“Isola, have you forgiven me?” he asked at last.

“With all my heart. Oh, Martin, I could never be angry with you—never. You have been so good to me. How could I be angry?”

“But you have the right to be angry. I ought not to have doubted. I ought to have believed your word against all the world; but that man raised a doubting devil in me. I was mad with fears and suspicions, wild and unreasonable—as I suppose jealousy generally is. I had never been jealous before. Great God! what a fearful passion it is when a man gives himself up to it. I frightened you by my vehemence, and then your scared looks frightened me. I mistook fear for guilt. Isola, my beloved, let me hear the truth from your own lips—the assurance—the certainty,” he cried with impassioned fervour, getting up and going over to her, looking down into the pale, upturned face with those dark, earnest eyes which always seemed to search the mysteries of her heart. “Let there be no shadow of uncertainty or distrust between us. I have heard from your sister that you were with her when you said you were. That is much. It settles for that vile cad’s insinuated slander; but it is not enough. Let the assurance come to me from your lips—from yours alone. Tell me—by the God who will judge us both some day—Are you my own true wife?”

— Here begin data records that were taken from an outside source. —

(* HazardErasPOP, as described in the context, is safe from use-after-free errors: no node freed by a reclaiming thread is subsequently accessed by any thread.
   Context: Setting: an asynchronous shared-memory system with a fixed set of threads operating on a linked concurrent data structure; each unlinked node is retired by exactly one thread. HazardErasPOP: there is a shared monotonically increasing global epoch. Each node records a birth epoch (global epoch at allocation) and a retire epoch (global epoch when retired). Each thread has private local reservation slots holding epochs (value NONE when empty), a row of a shared array of reservation slots, a shared counter publishCounter, and a private retire list. To read a node pointer from an atomic location into a slot, a thread repeatedly loads the pointer and then the global epoch; if the loaded epoch equals the epoch held in its local slot it returns the pointer, otherwise it writes the new epoch into its local slot (no fence, not published) and retries. At the end of an operation local slots are set to NONE. On retire a thread sets the node's retire epoch, appends it to its retire list, and when the list reaches a threshold it increments the global epoch, records all threads' publishCounter values, sends a POSIX signal to every other thread (whose handler copies its local reserved epochs into its shared slots and increments its publishCounter), waits until every other thread's publishCounter has increased, collects all published epochs, and frees each retired node for which every published epoch $e$ is NONE, or $e <$ the node's birth epoch, or $e >$ the node's retire epoch. Assumption: after being signalled, a thread publishes its reservations within bounded time. *)

theory Defs
  imports Main
begin
(*
  Call P, Q well separated in A if at least three lines of A pass through P but not Q, and
  at least three through Q but not P.  Choosing lines H1, H2, H3 through P and H4, H5, H6
  through Q, each Hi (i \<le> 3) meets each Hj (j \<ge> 4) in exactly one point, and these nine
  points are distinct: a coincidence would force the common point to be P or Q.

  Conversely, an arrangement without well separated points is of class C_{\<le>3} of simple
  type.  If a multiple point P lies on exactly three lines, these concurrent lines cover
  mult A (a multiple point off them would be well separated from P).  Otherwise every
  multiple point lies on at least four lines, and since two points share at most one line,
  two distinct multiple points would be well separated; so mult A has at most one point.
*)

definition pairing :: "complex^3 \<Rightarrow> complex^3 \<Rightarrow> complex" where
  "pairing a x = (\<Sum>i\<in>UNIV. a $ i * x $ i)"

text \<open>The cross product; over the complex numbers it still yields a vector incident to both
  arguments and vanishes exactly on proportional pairs.\<close>

definition ccross :: "complex^3 \<Rightarrow> complex^3 \<Rightarrow> complex^3" where
  "ccross a b = vector [a$2*b$3 - a$3*b$2, a$3*b$1 - a$1*b$3, a$1*b$2 - a$2*b$1]"

lemma pairing_expand: "pairing a x = a$1*x$1 + a$2*x$2 + a$3*x$3"
  by (simp add: pairing_def sum_3)

lemma ccross_nth:
  "ccross a b $ 1 = a$2*b$3 - a$3*b$2"
  "ccross a b $ 2 = a$3*b$1 - a$1*b$3"
  "ccross a b $ 3 = a$1*b$2 - a$2*b$1"
  by (simp_all add: ccross_def)

lemma vec3_eq_iff: "(v::complex^3) = w \<longleftrightarrow> v$1 = w$1 \<and> v$2 = w$2 \<and> v$3 = w$3"
  by (simp add: vec_eq_iff forall_3)

lemma pairing_scale: "pairing a (c *s x) = c * pairing a x" "pairing (c *s a) x = c * pairing a x"
  by (simp_all add: pairing_expand algebra_simps)

lemma pairing_ccross: "pairing a (ccross a b) = 0" "pairing b (ccross a b) = 0"
  by (simp_all add: pairing_expand ccross_nth algebra_simps)

lemma ccross_ccross: "ccross (ccross v w) a = pairing a v *s w - pairing a w *s v"
  by (simp add: vec3_eq_iff ccross_nth pairing_expand algebra_simps)

lemma ccross_eq_0_imp_proportional:
  assumes "a \<noteq> 0" "ccross a b = 0" shows "\<exists>c. b = c *s a"
proof -
  have e: "a$2*b$3 = a$3*b$2" "a$3*b$1 = a$1*b$3" "a$1*b$2 = a$2*b$1"
    using assms(2) unfolding vec3_eq_iff ccross_nth by auto
  consider "a$1 \<noteq> 0" | "a$2 \<noteq> 0" | "a$3 \<noteq> 0" using assms(1) vec3_eq_iff by auto
  then show ?thesis
  proof cases
    case 1
    then have "b = (b$1/a$1) *s a" unfolding vec3_eq_iff using e by (auto simp: field_simps)
    then show ?thesis by blast
  next
    case 2
    then have "b = (b$2/a$2) *s a" unfolding vec3_eq_iff using e by (auto simp: field_simps)
    then show ?thesis by blast
  next
    case 3
    then have "b = (b$3/a$3) *s a" unfolding vec3_eq_iff using e by (auto simp: field_simps)
    then show ?thesis by blast
  qed
qed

“I am, Martin—I am your own true wife,” she answered, with an earnestness that thrilled him. “I have not a thought that is not of you. I love you with all my heart and mind. Is not that enough?”

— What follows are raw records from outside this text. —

lemma has_real_derivative_sqrt_norm_sq_add:
  fixes E :: "real \<Rightarrow> 'a::real_inner"
  assumes E: "(E has_vector_derivative E') (at s within S)" and "\<epsilon> \<noteq> 0"
  shows "((\<lambda>s. sqrt ((norm (E s))\<^sup>2 + \<epsilon>\<^sup>2)) has_real_derivative
           (E s \<bullet> E') / sqrt ((norm (E s))\<^sup>2 + \<epsilon>\<^sup>2)) (at s within S)"
proof -
  have pos: "(norm (E s))\<^sup>2 + \<epsilon>\<^sup>2 > 0"
    using \<open>\<epsilon> \<noteq> 0\<close> by (simp add: add_nonneg_pos)
  have "((\<lambda>s. E s \<bullet> E s) has_derivative (\<lambda>h. E s \<bullet> (h *\<^sub>R E') + (h *\<^sub>R E') \<bullet> E s)) (at s within S)"
    using E by (intro has_derivative_inner) (simp_all add: has_vector_derivative_def)
  then have "((\<lambda>s. (norm (E s))\<^sup>2 + \<epsilon>\<^sup>2) has_real_derivative 2 * (E s \<bullet> E')) (at s within S)"
    unfolding has_field_derivative_def power2_norm_eq_inner
    by (intro has_derivative_add_const, rule has_derivative_eq_rhs)
      (auto simp: fun_eq_iff inner_commute algebra_simps)
  from DERIV_chain2[OF DERIV_real_sqrt[OF pos] this]
  show ?thesis
    by (simp add: field_simps)
qed

lemma smoothed_norm_derivative_le:
  fixes a \<epsilon> lam c p :: real
  assumes "0 \<le> a" "0 < \<epsilon>" "0 < lam" "0 \<le> c" and p: "p \<le> - lam * a\<^sup>2 + c * a"
  shows "p / sqrt (a\<^sup>2 + \<epsilon>\<^sup>2) \<le> - lam * sqrt (a\<^sup>2 + \<epsilon>\<^sup>2) + (c + lam * \<epsilon>)"
proof -
  define V where "V = sqrt (a\<^sup>2 + \<epsilon>\<^sup>2)"
  have "a \<le> V" "\<epsilon> \<le> V"
    unfolding V_def by (simp_all add: real_le_rsqrt)
  have "(- lam * V + (c + lam * \<epsilon>)) * V = - lam * V\<^sup>2 + c * V + lam * \<epsilon> * V"
    by (simp add: power2_eq_square algebra_simps)
  also have "\<dots> = - lam * a\<^sup>2 + c * V + lam * \<epsilon> * (V - \<epsilon>)"
    by (simp add: V_def power2_eq_square algebra_simps)
  also have "\<dots> \<ge> - lam * a\<^sup>2 + c * a"
  proof -
    have "0 \<le> lam * \<epsilon> * (V - \<epsilon>)"
      using \<open>\<epsilon> \<le> V\<close> assms by simp
    then show ?thesis
      using mult_left_mono[OF \<open>a \<le> V\<close> \<open>0 \<le> c\<close>] by linarith
  qed
  finally have "p \<le> (- lam * V + (c + lam * \<epsilon>)) * V"
    using p by linarith
  moreover have "V > 0"
    using \<open>\<epsilon> \<le> V\<close> \<open>0 < \<epsilon>\<close> by linarith
  ultimately show ?thesis
    by (simp add: V_def divide_le_eq)
qed
(* Let $V$ be a countable set, $\Omega_0$ a finite set, $\Omega=\Omega_0^V$ with product $\sigma$-algebra $\mathcal F$, let $q\in\mathbb N$, and let $\Lambda\subset V$. Let $\gamma_\Lambda$ be a proper probability $q$-kernel. For $\eta\in\Omega$ put $\Omega_\Lambda^{\eta}=\{\sigma\in\Omega:\ \sigma_{\Lambda^c}=\eta_{\Lambda^c}\}$ and, for $\eta_1,\dots,\eta_q\in\Omega$, $\Omega_\Lambda^{\eta_1,\dots,\eta_q}=\bigcup_{i=1}^q\Omega_\Lambda^{\eta_i}$. Then for all $\eta_1,\dots,\eta_q\in\Omega$ the probability measure $\gamma_\Lambda(\cdot\mid\eta_1,\dots,\eta_q)$ is supported on $\Omega_\Lambda^{\eta_1,\dots,\eta_q}$, i.e. $\gamma_\Lambda(\Omega_\Lambda^{\eta_1,\dots,\eta_q}\mid\eta_1,\dots,\eta_q)=1$.
   Context: For $\Delta\subset V$, $\mathcal F_\Delta$ denotes the $\sigma$-algebra on $\Omega$ generated by the coordinate maps $\sigma\mapsto\sigma_x$, $x\in\Delta$; $\sigma_\Delta$ denotes the restriction of $\sigma$ to $\Delta$. $\mathcal F^q=\mathcal F^{\otimes q}$ on $\Omega^q$ and $\mathcal F^q_{\Lambda^c}=(\mathcal F_{\Lambda^c})^{\otimes q}$. A probability $q$-kernel (from $\mathcal F^q_{\Lambda^c}$ to $\mathcal F$) is a map $\gamma_\Lambda:\mathcal F\times\Omega^q\to[0,1]$, $(A,(\eta_1,\dots,\eta_q))\mapsto\gamma_\Lambda(A\mid\eta_1,\dots,\eta_q)$, such that (i) $\gamma_\Lambda(\cdot\mid\eta_1,\dots,\eta_q)$ is a probability measure on $(\Omega,\mathcal F)$ for all $\eta_1,\dots,\eta_q\in\Omega$, and (ii) $\gamma_\Lambda(A\mid\cdot,\dots,\cdot)$ is $\mathcal F^q_{\Lambda^c}$-measurable for every $A\in\mathcal F$. It is proper if $\gamma_\Lambda(A\mid\eta_1,\dots,\eta_q)=\frac1q\sum_{i=1}^q\mathbf 1_A(\eta_i)$ for all $A\in\mathcal F_{\Lambda^c}$ and all $\eta_1,\dots,\eta_q$. *)

theory Defs
  imports "HOL-Analysis.Analysis"
begin

text \<open>Configuration space Omega = Omega0^V with the product sigma-algebra.
  V is modelled by a countable type 'v, Omega0 by a finite type 'a.\<close>
definition Omega :: "('v \<Rightarrow> 'a) measure" where
  "Omega = (\<Pi>\<^sub>M x\<in>(UNIV::'v set). count_space (UNIV::'a set))"

definition F_on :: "'v set \<Rightarrow> ('v \<Rightarrow> 'a) set set" where
  "F_on D = sigma_sets UNIV {(\<lambda>\<sigma>. \<sigma> x) -` B | x B. x \<in> D}"

definition M_on :: "'v set \<Rightarrow> ('v \<Rightarrow> 'a) measure" where
  "M_on D = measure_of UNIV (F_on D) (\<lambda>_. 0)"

text \<open>q-tuples (eta_1,...,eta_q) are functions on {..<q} (indices shifted to 0..q-1);
  Omega^q carries the product of the sigma-algebras F_{Lambda^c}.\<close>
definition prob_q_kernel ::
  "nat \<Rightarrow> 'v set \<Rightarrow> (('v \<Rightarrow> 'a) set \<Rightarrow> (nat \<Rightarrow> 'v \<Rightarrow> 'a) \<Rightarrow> real) \<Rightarrow> bool" where
  "prob_q_kernel q L \<gamma> \<longleftrightarrow>
     (\<forall>\<eta> \<in> PiE {..<q} (\<lambda>_. UNIV).
        (\<forall>A \<in> sets Omega. 0 \<le> \<gamma> A \<eta> \<and> \<gamma> A \<eta> \<le> 1) \<and>
        measure_space UNIV (sets Omega) (\<lambda>A. ennreal (\<gamma> A \<eta>)) \<and>
        \<gamma> UNIV \<eta> = 1) \<and>
     (\<forall>A \<in> sets Omega.
        (\<lambda>\<eta>. \<gamma> A \<eta>) \<in> borel_measurable (\<Pi>\<^sub>M i\<in>{..<q}. M_on (- L)))"

definition proper_q_kernel ::
  "nat \<Rightarrow> 'v set \<Rightarrow> (('v \<Rightarrow> 'a) set \<Rightarrow> (nat \<Rightarrow> 'v \<Rightarrow> 'a) \<Rightarrow> real) \<Rightarrow> bool" where
  "proper_q_kernel q L \<gamma> \<longleftrightarrow>
     (\<forall>A \<in> F_on (- L). \<forall>\<eta> \<in> PiE {..<q} (\<lambda>_. UNIV).
        \<gamma> A \<eta> = (1 / real q) * (\<Sum>i<q. indicator A (\<eta> i)))"

definition Omega_agree :: "'v set \<Rightarrow> ('v \<Rightarrow> 'a) \<Rightarrow> ('v \<Rightarrow> 'a) set" where
  "Omega_agree L \<eta> = {\<sigma>. \<forall>x \<in> - L. \<sigma> x = \<eta> x}"

end

theory Submission
  imports Defs
begin

text \<open>Each \<open>Omega_agree L (\<eta> i)\<close> is a countable intersection of cylinder events at sites
  outside \<open>L\<close>, so their finite union lies in \<open>F_on (- L)\<close>. Properness evaluates the kernel
  on such an event as the fraction of the boundary conditions \<open>\<eta> i\<close> it contains, and this
  event contains all of them.\<close>

lemma sigma_algebra_F_on: "sigma_algebra UNIV (F_on D)"
  unfolding F_on_def by (rule sigma_algebra_sigma_sets) auto

lemma Omega_agree_in_F_on:
  assumes "countable (- L)"
  shows "Omega_agree L \<eta> \<in> F_on (- L)"
proof -
  interpret sigma_algebra UNIV "F_on (- L)"
    by (rule sigma_algebra_F_on)
  have "Omega_agree L \<eta> = (\<Inter>x\<in>-L. (\<lambda>\<sigma>. \<sigma> x) -` {\<eta> x})"
    unfolding Omega_agree_def by auto
  also have "\<dots> \<in> F_on (- L)"
  proof (rule countable_INT'')
    show "UNIV \<in> F_on (- L)"
      unfolding F_on_def by (rule sigma_sets_top)
    fix x assume "x \<in> - L"
    then show "(\<lambda>\<sigma>. \<sigma> x) -` {\<eta> x} \<in> F_on (- L)"
      unfolding F_on_def by (intro sigma_sets.Basic) blast
  qed (use assms in simp)
  finally show ?thesis .
qed

lemma proper_q_kernel_eq_1_if_contains_all:
  assumes "q \<ge> 1" and "proper_q_kernel q L \<gamma>"
    and "A \<in> F_on (- L)" and "\<eta> \<in> PiE {..<q} (\<lambda>_. UNIV)"
    and "\<And>i. i < q \<Longrightarrow> \<eta> i \<in> A"
  shows "\<gamma> A \<eta> = 1"
proof -
  have "\<gamma> A \<eta> = (1 / real q) * (\<Sum>i<q. indicator A (\<eta> i))"
    using assms(2-4) unfolding proper_q_kernel_def by blast
  also have "\<dots> = (1 / real q) * (\<Sum>i<q. 1)"
    using assms(5) by simp
  also have "\<dots> = 1"
    using assms(1) by simp
  finally show ?thesis .
qed

theorem mainTheorem1:
  fixes q :: nat and L :: "'v::countable set"
    and \<gamma> :: "('v \<Rightarrow> 'a::finite) set \<Rightarrow> (nat \<Rightarrow> 'v \<Rightarrow> 'a) \<Rightarrow> real"
  assumes "q \<ge> 1"
    and "prob_q_kernel q L \<gamma>"
    and "proper_q_kernel q L \<gamma>"
  shows "\<forall>\<eta> \<in> PiE {..<q} (\<lambda>_. UNIV). \<gamma> (\<Union>i<q. Omega_agree L (\<eta> i)) \<eta> = 1"
proof
  fix \<eta> assume \<eta>: "\<eta> \<in> PiE {..<q} (\<lambda>_. UNIV :: ('v \<Rightarrow> 'a) set)"
  interpret sigma_algebra UNIV "F_on (- L)"
    by (rule sigma_algebra_F_on)
  have "(\<Union>i<q. Omega_agree L (\<eta> i)) \<in> F_on (- L)"
    by (intro finite_UN Omega_agree_in_F_on) auto
  moreover have "\<eta> i \<in> (\<Union>i<q. Omega_agree L (\<eta> i))" if "i < q" for i
    using that unfolding Omega_agree_def by blast
  ultimately show "\<gamma> (\<Union>i<q. Omega_agree L (\<eta> i)) \<eta> = 1"
    using proper_q_kernel_eq_1_if_contains_all[OF assms(1,3) _ \<eta>] by blast
qed

end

“And you have never wronged me? You have been true and pure always? I call upon God to hear your words, Isola. Is that true?”

“Yes, yes; it is true.”

“God bless you, darling! I will never speak of doubt again. You are my own sweet wife, and shall be honoured and trusted to the end of my days. Thank God, the cloud is past, and we can be happy again!”

She rose from her low seat by the fire, and put her arms round his neck, and hid her face upon his breast, sobbing hysterically.

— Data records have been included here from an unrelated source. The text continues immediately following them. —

(* Consider the full GAN dynamics with $N_r=N_g=N$ and all masses $p_i=\tilde p_j=1/N$, with $\lambda>0$ and $\mu=\eta_g/\eta_d>0$ fixed. Suppose the true points $x_1,\dots,x_N$ admit isolated neighborhoods, and that at every true point $x_i$ the kernel satisfies: $\frac{\partial K(x,x_i)}{\partial x}|_{x=x_i}=0$, $-\frac{\partial^2K(x,x_i)}{\partial x^2}|_{x=x_i}\in[k_1,k_2]I$ and $\frac{\partial^2K(x,x')}{\partial x\partial x'}|_{x=x'=x_i}\in[k_3,k_4]I$ for some constants $k_1,\dots,k_4>0$. Consider any equilibrium $(\theta^*,\tilde x_1^*,\dots,\tilde x_N^* )$ of the full dynamics with $\mathrm{supp}(P_g)\subseteq\mathrm{supp}(P_r)$, i.e. each $\tilde x_j^*\in\{x_1,\dots,x_N\}$. Then, for all sufficiently small $\eta_d>0$: if $P_g=P_r$ (each true point carries exactly one generated point) the equilibrium is locally stable, and otherwise it is locally unstable. In particular, $P_g=P_r$ is the only locally stable equilibrium with $\mathrm{supp}(P_g)\subseteq\mathrm{supp}(P_r)$.
   Context: Full GAN dynamics: $a:\mathbb{R}^d\to\mathbb{R}^p$ is a $C^2$ feature map, $K(x,x')=a(x)^\top a(x')$ (assumed smooth), $f(x,\theta)=a(x)^\top\theta$. True distribution $P_r=\sum_{i=1}^{N_r}p_i\delta_{x_i}$, generated distribution $P_g=\sum_{j=1}^{N_g}\tilde p_j\delta_{\tilde x_j}$ with fixed masses; $\mathrm{supp}$ denotes the set of atoms. The dynamics on $(\theta,\tilde x_1,\dots,\tilde x_{N_g})$ is $\theta^{k+1}=\theta^k+\eta_d\big(\sum_i p_ia(x_i)-\sum_j\tilde p_ja(\tilde x_j^k)-\lambda\theta^k\big)$, $\tilde x_j^{k+1}=\tilde x_j^k+\eta_g\tilde p_j\nabla_xf(\tilde x_j^k,\theta^k)$, with $\lambda>0$, $\eta_d,\eta_g>0$, $\mu=\eta_g/\eta_d$. Isolated neighborhoods: there are open neighborhoods $V_i\ni x_i$ such that $K(x,x')=0$ for all $x\in V_i$, $x'\in V_l$, $i\neq l$. Here $[q_1,q_2]I$ denotes symmetric matrices $Q$ with $q_1I\preceq Q\preceq q_2I$. An equilibrium $z^*$ (fixed point of the update map) is locally stable if for every $\epsilon>0$ there is $\delta>0$ with $\|z^0-z^*\|<\delta\Rightarrow\|z^k-z^*\|<\epsilon$ for all $k$; locally unstable otherwise. *)

theory Defs
  imports "HOL-Analysis.Analysis"
begin
lemma frobenius_norm_sq_hankel:
  "frobenius_norm_sq (hankel n1 n2 x) = (\<Sum>(k,j)\<in>{..<n2} \<times> {..<n1}. (cmod (x (j + k)))\<^sup>2)"
proof -
  have "frobenius_norm_sq (hankel n1 n2 x) = (\<Sum>k<n2. \<Sum>j<n1. (cmod (x (j + k)))\<^sup>2)"
    by (simp add: frobenius_norm_sq_def hankel_def)
  thus ?thesis by (simp add: sum.cartesian_product)
qed

lemma cmod_le_sqrt_frobenius_norm_sq_hankel:
  assumes "0 < n1" "0 < n2"
  shows "cmod (x 0) \<le> sqrt (frobenius_norm_sq (hankel n1 n2 x))"
proof (rule real_le_rsqrt)
  have "(cmod (x 0))\<^sup>2 = (\<Sum>(k,j)\<in>{(0::nat,0::nat)}. (cmod (x (j + k)))\<^sup>2)" by simp
  also have "\<dots> \<le> frobenius_norm_sq (hankel n1 n2 x)"
    unfolding frobenius_norm_sq_hankel using assms by (intro sum_mono2) auto
  finally show "(cmod (x 0))\<^sup>2 \<le> frobenius_norm_sq (hankel n1 n2 x)" .
qed

text \<open>Every \<open>x t\<close> with \<open>t < n = n\<^sub>1 + n\<^sub>2 - 1\<close> occurs in the Hankel matrix, so equality in
  the previous lemma leaves no room for any other nonzero entry.\<close>
lemma hankel_zero_if_sqrt_frobenius_norm_sq_eq:
  assumes "0 < n1" "0 < n2" "n1 + n2 = n + 1"
    and eq: "sqrt (frobenius_norm_sq (hankel n1 n2 x)) = cmod (x 0)" and t: "0 < t" "t < n"
  shows "x t = 0"
proof -
  define a where "a = min t (n1 - 1)"
  define b where "b = t - a"
  have ab: "(b,a) \<in> {..<n2} \<times> {..<n1}" "(b,a) \<noteq> (0,0)" "a + b = t"
    using assms unfolding a_def b_def by auto
  have "(cmod (x 0))\<^sup>2 + (cmod (x t))\<^sup>2 = (\<Sum>(k,j)\<in>{(0,0),(b,a)}. (cmod (x (j + k)))\<^sup>2)"
    using ab(2,3) by simp
  also have "\<dots> \<le> frobenius_norm_sq (hankel n1 n2 x)"
    unfolding frobenius_norm_sq_hankel using assms(1,2) ab(1) by (intro sum_mono2) auto
  also have "\<dots> = (cmod (x 0))\<^sup>2"
    using eq frobenius_norm_sq_def by (metis real_sqrt_ge_0_iff real_sqrt_pow2 norm_ge_zero
        zero_le_power2 sum_nonneg)
  finally show ?thesis by simp
qed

“My own dear girl, I have been cruel to you—brutal and unkind; but you would forgive me if you knew what I have suffered since noon yesterday; and, indeed, my suffering began before then. That man’s harping on Lostwithiel’s name in all his talk with you—his air of meaning more than he said—and your embarrassment, awakened suspicions that had to be set at rest somehow. Remember the disadvantages under which I labour—the difference in our ages; my unattractiveness as compared with younger men. These things predisposed me to doubt your love. I have not had a moment’s peace since the night of that odious dinner-party. Yes; I have felt a new sensation. I know what jealousy means. But it is past. Praise be to God, it is past. I have come out of the cloud again. Oh, my love, had it been otherwise! Had we been doomed to part!”

“What would you have done, Martin?” she asked, in a low voice, with her face still hidden against his breast, his arms still round her.